I checked the versions of the Pixhawk 3DR i use to fly with are the same on my new Pixhawk :
(From Logs of flights I had before and the log of today’s flight)
Here is a comparison of parameters I had on the Pixhawk 3DR and what i have on the new one :
In grey I put in relief the Calibrations that are not the same on the 2 Pixhawks so we don’t have to worry about these lines.
So I wonder if this event is due to the fact that I didn’t do the COMPASS_MOT calibration …
Because all the other parameters are not critical.
I would like to know if someone knows what does the SR0/1/2/3_… parameters are for ? they are not described in Mission Planner.
Excuse me for this long post. I hope someone could identify what the problem is
Without logs it would be difficult to know what your issue is.
Is this what you mean Jani ??
The connectors on the one in the link look to be standard Pixhawk so not sure why you are having issues with th connectors, unless you have APM peripherals as the APM has different connector sizes to the Pixhawk.
So Nevermind, the takeoff problem, i tried black sorcery but it didn’t worked as I planned (i setted PILOT_TKOFF from 100 to 0 and THR_DZ from 100 to 300 to takeoff in Alt. Hold as without props it responding weirdly)
Moreover Takeoff in Alt.

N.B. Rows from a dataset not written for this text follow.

(* There exist a probabilistic decision problem $(X,S,\Pr)$ and an \texttt{adp} game $\mathcal{G}$ for it (with suitable strategy sets $\Sigma^p$ of deterministic prover functions $\delta^p:X\to M^p$ and $\Sigma^v$ of convex combinations of deterministic verifier functions $\delta^v:X\times M^p\to\{0,1\}$) such that: there exists a prover strategy $\delta^p\in\Sigma^p$ and verifier strategy $\sigma^v_\star\in\Sigma^v$ for which $\langle\delta^p,\sigma^v_\star\rangle$ is a valid interactive proof system for $S$ with completeness error $\epsilon_c=0$; and yet the property "$\langle\delta^p,\sigma^v\rangle$ is a verifier-leading Stackelberg equilibrium of $\mathcal{G}$" is neither necessary nor sufficient for $\langle\delta^p,\sigma^v\rangle$ to be a valid interactive proof system. That is, there is a valid system in $\Sigma^p\times\Sigma^v$ that is not a verifier-leading Stackelberg equilibrium, and there is a verifier-leading Stackelberg equilibrium that is not a valid system.
   Context: A probabilistic decision problem is a triple $(X,S,\Pr)$ where $X$ is a set of instances, $S\subseteq X$ and $\Pr$ is a distribution on $X$; the label of $x$ is $y=\mathbf{1}_S(x)\in\{0,1\}$. The \texttt{adp} game: there is one prover $p$ and one verifier $v$, and play is as follows. On input $x\sim\Pr$, the prover sends a single message $m^p=\delta^p(x)\in M^p$, where its strategy is a deterministic function $\delta^p:X\to M^p$. The verifier then outputs a decision in $\{0,1\}$ according to a strategy $\sigma^v$, which is a convex combination (mixture) of deterministic functions $\delta^v:X\times M^p\to\{0,1\}$. We write $\sigma^v(b\mid x,m^p)$ for the probability that the verifier outputs $b$. The losses are $\mathcal{L}^p=-\mathbb{E}_{x\sim\Pr}[\log\sigma^v(1\mid x,\delta^p(x))]$ and $\mathcal{L}^v=-\mathbb{E}_{x\sim\Pr}[\log\sigma^v(y\mid x,\delta^p(x))]$. A verifier-leading Stackelberg equilibrium is a profile $(\delta^p,\sigma^v)$ such that: - $\delta^p$ minimises $\mathcal{L}^p(\cdot,\sigma^v)$ over $\Sigma^p$, and - $\sigma^v$ minimises, over $\Sigma^v$, the worst-case (maximum) verifier loss over the prover's best responses. Validity. A prover–verifier pair $\langle p,v\rangle$ is $(\epsilon_c,\epsilon_s)$-valid for $S$, where $\epsilon_c+\epsilon_s<1$, if both of the following hold. - Completeness: for every $x\in S$, $v$ outputs $1$ when interacting with $p$ with probability at least $1-\epsilon_c$. - Soundness: for every $x\notin S$ and every prover $p'$ in the strategy set, $v$ outputs $0$ when interacting with $p'$ with probability at least $1-\epsilon_s$. The pair is "valid" if it is $(\epsilon_c,\epsilon_s)$-valid for some such $\epsilon_c,\epsilon_s$. *)

theory Defs
  imports "HOL-Probability.Probability"
begin

text \<open>
Instances and prover messages are encoded as natural numbers.
A deterministic prover strategy is a function X -> M (type nat => nat, values in M on X).
A verifier strategy is a finite mixture (finitely supported pmf) of deterministic
verifier functions X x M -> {0,1} (type nat => nat => bool).
\<close>

definition prob_decision_problem :: "nat set \<Rightarrow> nat set \<Rightarrow> nat pmf \<Rightarrow> bool" where
  "prob_decision_problem X S Pr \<longleftrightarrow> S \<subseteq> X \<and> set_pmf Pr \<subseteq> X"

definition vprob :: "(nat \<Rightarrow> nat \<Rightarrow> bool) pmf \<Rightarrow> nat \<Rightarrow> nat \<Rightarrow> bool \<Rightarrow> real" where
  "vprob \<sigma> x m b = measure_pmf.prob \<sigma> {d. d x m = b}"

definition neglog :: "real \<Rightarrow> ennreal" where
  "neglog p = (if p \<le> 0 then \<infinity> else ennreal (- ln p))"

definition loss_p :: "nat pmf \<Rightarrow> (nat \<Rightarrow> nat) \<Rightarrow> (nat \<Rightarrow> nat \<Rightarrow> bool) pmf \<Rightarrow> ennreal" where
  "loss_p Pr \<delta> \<sigma> = (\<integral>\<^sup>+ x. neglog (vprob \<sigma> x (\<delta> x) True) \<partial>measure_pmf Pr)"

definition loss_v :: "nat set \<Rightarrow> nat pmf \<Rightarrow> (nat \<Rightarrow> nat) \<Rightarrow> (nat \<Rightarrow> nat \<Rightarrow> bool) pmf \<Rightarrow> ennreal" where
  "loss_v S Pr \<delta> \<sigma> = (\<integral>\<^sup>+ x. neglog (vprob \<sigma> x (\<delta> x) (x \<in> S)) \<partial>measure_pmf Pr)"

definition adp_game :: "nat set \<Rightarrow> nat set \<Rightarrow> (nat \<Rightarrow> nat) set \<Rightarrow> (nat \<Rightarrow> nat \<Rightarrow> bool) pmf set \<Rightarrow> bool" where
  "adp_game X M Sp Sv \<longleftrightarrow> Sp \<noteq> {} \<and> Sv \<noteq> {} \<and>
     (\<forall>\<delta>\<in>Sp. \<forall>x\<in>X. \<delta> x \<in> M) \<and> (\<forall>\<sigma>\<in>Sv. finite (set_pmf \<sigma>))"

definition best_responses :: "nat pmf \<Rightarrow> (nat \<Rightarrow> nat) set \<Rightarrow> (nat \<Rightarrow> nat \<Rightarrow> bool) pmf \<Rightarrow> (nat \<Rightarrow> nat) set" where
  "best_responses Pr Sp \<sigma> = {\<delta> \<in> Sp. \<forall>\<delta>'\<in>Sp. loss_p Pr \<delta> \<sigma> \<le> loss_p Pr \<delta>' \<sigma>}"

definition worst_loss_v :: "nat set \<Rightarrow> nat pmf \<Rightarrow> (nat \<Rightarrow> nat) set \<Rightarrow> (nat \<Rightarrow> nat \<Rightarrow> bool) pmf \<Rightarrow> ennreal" where
  "worst_loss_v S Pr Sp \<sigma> = (SUP \<delta>\<in>best_responses Pr Sp \<sigma>. loss_v S Pr \<delta> \<sigma>)"

definition verifier_leading_SE :: "nat set \<Rightarrow> nat pmf \<Rightarrow> (nat \<Rightarrow> nat) set \<Rightarrow> (nat \<Rightarrow> nat \<Rightarrow> bool) pmf set
     \<Rightarrow> (nat \<Rightarrow> nat) \<Rightarrow> (nat \<Rightarrow> nat \<Rightarrow> bool) pmf \<Rightarrow> bool" where
  "verifier_leading_SE S Pr Sp Sv \<delta> \<sigma> \<longleftrightarrow>
     \<delta> \<in> Sp \<and> \<sigma> \<in> Sv \<and> \<delta> \<in> best_responses Pr Sp \<sigma> \<and>
     (\<forall>\<sigma>'\<in>Sv. worst_loss_v S Pr Sp \<sigma> \<le> worst_loss_v S Pr Sp \<sigma>')"

definition eps_valid :: "nat set \<Rightarrow> nat set \<Rightarrow> (nat \<Rightarrow> nat) set \<Rightarrow> real \<Rightarrow> real
     \<Rightarrow> (nat \<Rightarrow> nat) \<Rightarrow> (nat \<Rightarrow> nat \<Rightarrow> bool) pmf \<Rightarrow> bool" where
  "eps_valid X S Sp ec es \<delta> \<sigma> \<longleftrightarrow>
     0 \<le> ec \<and> 0 \<le> es \<and> ec + es < 1 \<and>
     (\<forall>x\<in>S. vprob \<sigma> x (\<delta> x) True \<ge> 1 - ec) \<and>
     (\<forall>x\<in>X - S. \<forall>\<delta>'\<in>Sp. vprob \<sigma> x (\<delta>' x) False \<ge> 1 - es)"

definition valid :: "nat set \<Rightarrow> nat set \<Rightarrow> (nat \<Rightarrow> nat) set
     \<Rightarrow> (nat \<Rightarrow> nat) \<Rightarrow> (nat \<Rightarrow> nat \<Rightarrow> bool) pmf \<Rightarrow> bool" where
  "valid X S Sp \<delta> \<sigma> \<longleftrightarrow> (\<exists>ec es. eps_valid X S Sp ec es \<delta> \<sigma>)"

end

theory Submission
  imports Defs
begin

text \<open>A Stackelberg equilibrium only sees instances of positive probability and only the
prover's best responses, whereas validity quantifies over all instances and all provers.
Take X = {0,1,2}, S = {0}, Pr uniform on {0,1}, and provers sending a constant message 0 or 1.
Every verifier rejects instance 1, so every prover has infinite loss and all provers are best
responses. A verifier accepting 0 only on message 0 is valid, but its worst best response sends
message 1 and costs infinite loss, while the verifier accepting exactly instance 0 costs nothing.
A verifier that also accepts instance 2 costs nothing as well, hence is an equilibrium, but it
is unsound on 2, which has probability zero.\<close>

lemma vprob_return_pmf: "vprob (return_pmf d) x m b = (if d x m = b then 1 else 0)"
  by (simp add: vprob_def indicator_def)

lemma neglog_1 [simp]: "neglog 1 = 0"
  by (simp add: neglog_def)

lemma neglog_0 [simp]: "neglog 0 = \<infinity>"
  by (simp add: neglog_def)

lemma nn_integral_neglog_infinite:
  assumes "x \<in> set_pmf Pr" and "p x = 0"
  shows "(\<integral>\<^sup>+ y. neglog (p y) \<partial>measure_pmf Pr) = \<infinity>"
proof -
  have "\<infinity> * ennreal (pmf Pr x) = (\<integral>\<^sup>+ y. neglog (p y) * indicator {x} y \<partial>measure_pmf Pr)"
    using assms(2) by (simp add: emeasure_pmf_single)
  also have "\<dots> \<le> (\<integral>\<^sup>+ y. neglog (p y) \<partial>measure_pmf Pr)"
    by (intro nn_integral_mono) (simp add: indicator_def)
  finally show ?thesis
    using assms(1) by (simp add: set_pmf_iff ennreal_mult_top top_unique)
qed

lemma loss_p_infinite_if_sure_rejection:
  "x \<in> set_pmf Pr \<Longrightarrow> vprob \<sigma> x (\<delta> x) True = 0 \<Longrightarrow> loss_p Pr \<delta> \<sigma> = \<infinity>"
  unfolding loss_p_def by (rule nn_integral_neglog_infinite)

lemma loss_v_infinite_if_sure_error:
  "x \<in> set_pmf Pr \<Longrightarrow> vprob \<sigma> x (\<delta> x) (x \<in> S) = 0 \<Longrightarrow> loss_v S Pr \<delta> \<sigma> = \<infinity>"
  unfolding loss_v_def by (rule nn_integral_neglog_infinite[where p = "\<lambda>y. vprob \<sigma> y (\<delta> y) (y \<in> S)"])

lemma loss_v_zero_if_sure_correct:
  assumes "\<And>x. x \<in> set_pmf Pr \<Longrightarrow> vprob \<sigma> x (\<delta> x) (x \<in> S) = 1"
  shows "loss_v S Pr \<delta> \<sigma> = 0"
proof -
  have "loss_v S Pr \<delta> \<sigma> = (\<integral>\<^sup>+ x. 0 \<partial>measure_pmf Pr)"
    unfolding loss_v_def using assms by (intro nn_integral_cong_AE) (simp add: AE_measure_pmf_iff)
  then show ?thesis
    by simp
qed

lemma best_responses_eq_if_loss_p_infinite:
  assumes "\<And>\<delta>. \<delta> \<in> Sp \<Longrightarrow> loss_p Pr \<delta> \<sigma> = \<infinity>"
  shows "best_responses Pr Sp \<sigma> = Sp"
  using assms by (auto simp: best_responses_def)

lemma loss_v_le_worst_loss_v:
  "\<delta> \<in> best_responses Pr Sp \<sigma> \<Longrightarrow> loss_v S Pr \<delta> \<sigma> \<le> worst_loss_v S Pr Sp \<sigma>"
  unfolding worst_loss_v_def by (rule SUP_upper)

lemma worst_loss_v_eq_0:
  "(\<And>\<delta>. \<delta> \<in> best_responses Pr Sp \<sigma> \<Longrightarrow> loss_v S Pr \<delta> \<sigma> = 0) \<Longrightarrow> worst_loss_v S Pr Sp \<sigma> = 0"
  unfolding worst_loss_v_def by (cases "best_responses Pr Sp \<sigma> = {}") (simp_all add: bot_ennreal)

lemma verifier_leading_SE_if_worst_loss_v_0:
  assumes "\<delta> \<in> best_responses Pr Sp \<sigma>" and "\<sigma> \<in> Sv" and "worst_loss_v S Pr Sp \<sigma> = 0"
  shows "verifier_leading_SE S Pr Sp Sv \<delta> \<sigma>"
  using assms by (simp add: verifier_leading_SE_def best_responses_def)

lemma not_verifier_leading_SE_if_better_verifier:
  assumes "\<sigma>' \<in> Sv" and "worst_loss_v S Pr Sp \<sigma>' < worst_loss_v S Pr Sp \<sigma>"
  shows "\<not> verifier_leading_SE S Pr Sp Sv \<delta> \<sigma>"
  using assms by (auto simp: verifier_leading_SE_def not_le[symmetric])

definition uniform_01 :: "nat pmf" where
  "uniform_01 = pmf_of_set {0, 1}"

definition constant_provers :: "(nat \<Rightarrow> nat) set" where
  "constant_provers = {\<lambda>x. 0, \<lambda>x. 1}"

definition accept_message_0 :: "nat \<Rightarrow> nat \<Rightarrow> bool" where
  "accept_message_0 x m \<longleftrightarrow> x = 0 \<and> m = 0"

definition accept_instance_0 :: "nat \<Rightarrow> nat \<Rightarrow> bool" where
  "accept_instance_0 x m \<longleftrightarrow> x = 0"

definition accept_instances_0_2 :: "nat \<Rightarrow> nat \<Rightarrow> bool" where
  "accept_instances_0_2 x m \<longleftrightarrow> x = 0 \<or> x = 2"

definition example_verifiers :: "(nat \<Rightarrow> nat \<Rightarrow> bool) pmf set" where
  "example_verifiers =
     {return_pmf accept_message_0, return_pmf accept_instance_0, return_pmf accept_instances_0_2}"

lemma set_pmf_uniform_01: "set_pmf uniform_01 = {0, 1}"
  by (simp add: uniform_01_def)

lemma best_responses_example:
  assumes "\<sigma> \<in> example_verifiers"
  shows "best_responses uniform_01 constant_provers \<sigma> = constant_provers"
proof (rule best_responses_eq_if_loss_p_infinite)
  fix \<delta> :: "nat \<Rightarrow> nat"
  have "vprob \<sigma> 1 (\<delta> 1) True = 0"
    using assms by (auto simp: example_verifiers_def vprob_return_pmf accept_message_0_def
        accept_instance_0_def accept_instances_0_2_def)
  then show "loss_p uniform_01 \<delta> \<sigma> = \<infinity>"
    by (intro loss_p_infinite_if_sure_rejection) (simp_all add: set_pmf_uniform_01)
qed

lemma worst_loss_v_accept_message_0:
  "worst_loss_v {0} uniform_01 constant_provers (return_pmf accept_message_0) = \<infinity>"
proof -
  have "loss_v {0} uniform_01 (\<lambda>x. 1) (return_pmf accept_message_0) = \<infinity>"
    by (intro loss_v_infinite_if_sure_error[of 0])
      (simp_all add: set_pmf_uniform_01 vprob_return_pmf accept_message_0_def)
  moreover have "loss_v {0} uniform_01 (\<lambda>x. 1) (return_pmf accept_message_0)
      \<le> worst_loss_v {0} uniform_01 constant_provers (return_pmf accept_message_0)"
    using best_responses_example[of "return_pmf accept_message_0"]
    by (intro loss_v_le_worst_loss_v) (simp_all add: example_verifiers_def constant_provers_def)
  ultimately show ?thesis
    by (simp add: top_unique)
qed

lemma worst_loss_v_example_eq_0:
  assumes "\<sigma> \<in> example_verifiers"
    and "\<And>\<delta> x. x \<in> {0, 1} \<Longrightarrow> vprob \<sigma> x (\<delta> x) (x \<in> {0}) = 1"
  shows "worst_loss_v {0} uniform_01 constant_provers \<sigma> = 0"
  using assms by (intro worst_loss_v_eq_0 loss_v_zero_if_sure_correct) (simp add: set_pmf_uniform_01)

theorem proposition1:
  shows "\<exists>X S Pr M Sp Sv.
     prob_decision_problem X S Pr \<and> adp_game X M Sp Sv \<and>
     (\<exists>\<delta>\<in>Sp. \<exists>\<sigma>\<in>Sv. \<exists>es. eps_valid X S Sp 0 es \<delta> \<sigma>) \<and>
     (\<exists>\<delta>\<in>Sp. \<exists>\<sigma>\<in>Sv. valid X S Sp \<delta> \<sigma> \<and> \<not> verifier_leading_SE S Pr Sp Sv \<delta> \<sigma>) \<and>
     (\<exists>\<delta>\<in>Sp. \<exists>\<sigma>\<in>Sv. verifier_leading_SE S Pr Sp Sv \<delta> \<sigma> \<and> \<not> valid X S Sp \<delta> \<sigma>)"
proof (intro exI conjI bexI)
  let ?X = "{0, 1, 2} :: nat set" and ?honest = "\<lambda>x::nat. 0::nat"
  show "prob_decision_problem ?X {0} uniform_01"
    by (auto simp: prob_decision_problem_def set_pmf_uniform_01)
  show "adp_game ?X {0, 1} constant_provers example_verifiers"
    by (auto simp: adp_game_def constant_provers_def example_verifiers_def)
  show "eps_valid ?X {0} constant_provers 0 0 ?honest (return_pmf accept_message_0)"
    by (auto simp: eps_valid_def vprob_return_pmf accept_message_0_def constant_provers_def)
  then show "valid ?X {0} constant_provers ?honest (return_pmf accept_message_0)"
    by (auto simp: valid_def)
  have "worst_loss_v {0} uniform_01 constant_provers (return_pmf accept_instance_0) = 0"
    by (rule worst_loss_v_example_eq_0)
      (auto simp: example_verifiers_def vprob_return_pmf accept_instance_0_def)
  then show "\<not> verifier_leading_SE {0} uniform_01 constant_provers example_verifiers
      ?honest (return_pmf accept_message_0)"
    by (intro not_verifier_leading_SE_if_better_verifier[of "return_pmf accept_instance_0"])
      (simp_all add: example_verifiers_def worst_loss_v_accept_message_0)
  have "worst_loss_v {0} uniform_01 constant_provers (return_pmf accept_instances_0_2) = 0"
    by (rule worst_loss_v_example_eq_0)
      (auto simp: example_verifiers_def vprob_return_pmf accept_instances_0_2_def)
  then show "verifier_leading_SE {0} uniform_01 constant_provers example_verifiers
      ?honest (return_pmf accept_instances_0_2)"
    using best_responses_example[of "return_pmf accept_instances_0_2"]
    by (intro verifier_leading_SE_if_worst_loss_v_0)
      (simp_all add: example_verifiers_def constant_provers_def)
  show "\<not> valid ?X {0} constant_provers ?honest (return_pmf accept_instances_0_2)"
    by (auto simp: valid_def eps_valid_def vprob_return_pmf accept_instances_0_2_def
        constant_provers_def)
qed (auto simp: constant_provers_def example_verifiers_def)

end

Hold never shocked me with 3DR Pixhawk but now it feels weird (I think because of some parameter.
So I did a takeoff in Stabilize wich was unstable with 3DR Pixhawk and is normal with the clone …
Everything is working well now with my clone =)
For the Pin connectors here some footage to show you (excuse me for the low quality and bad focus but i couldn’t do better )
On the left the Pixhawk 3DR /// On the right the Clone “2.4.8” from bangood link here
It uses what i think is called Picoblade connectors vs the DF13 on “regular” Pixhawks
Yes. quite many Chinese company uses picoblades connectors or copy DF13 connectors as it’s difficult to get original Hirose connectors in china. They need to import those all and it’s expensive.
Need to be careful too as some connectors what they use looks like DF13 but their casing is opposite so your cable is also upside down and that can cause serious problems.
Ok so I purchased two PX4pilot’s from HobbyKing and I have been getting “Bad AHRS” warning when the pixhawk boots up. The warnings calm down after GPS lock. I also get the same warning during missions but they also seem to correct them selves as well.
I have just checked the Gyro chip and mine are marked with “AGD2 2333 JN3EB” does anyone have any idea if this is correct?
I have seen in other posts that other people have different Gyro Chips that what I have. Should I be concerned with the fact that I have different chips that others?
Depending on which firmware you used I got “Bad AHRS” a LOT even with 3DR hardware.
With 3.4-rcx I get it popping up randomly.
Never consistent, just pops up and goes away.
I have purchased HK auto pilots in the past with varying success.
I nailed the poor gyros when I left one connected to the GCS for a couple of hours while investigated why the “bad AHRS” was appearing, and when I came back to the GCS the artificial horizon was spinning like a top.
Video’ed it and got my money back.
Big T & Mike,
Thanks for your input. I’m using the latest stable build.
As it corrects itself and has no effect on the mission and I’m using a boat I’m not too bothered, not sure I’d feel the same if it was in a plane or copter.
I’m making the switch over from APM and I never had this with the 3DR APM 2.x.
Apart from that everything else works and the board looks to be of reasonable quality, similar or equal to products that I’ve bought from 3DR.
Well I spoke too soon. Yesterday I was trying to play with some params and from the moment I connected the batt I got a “Bad AHRS” warning that never went away. I’ll try reloading the firmware and see if I can shake it.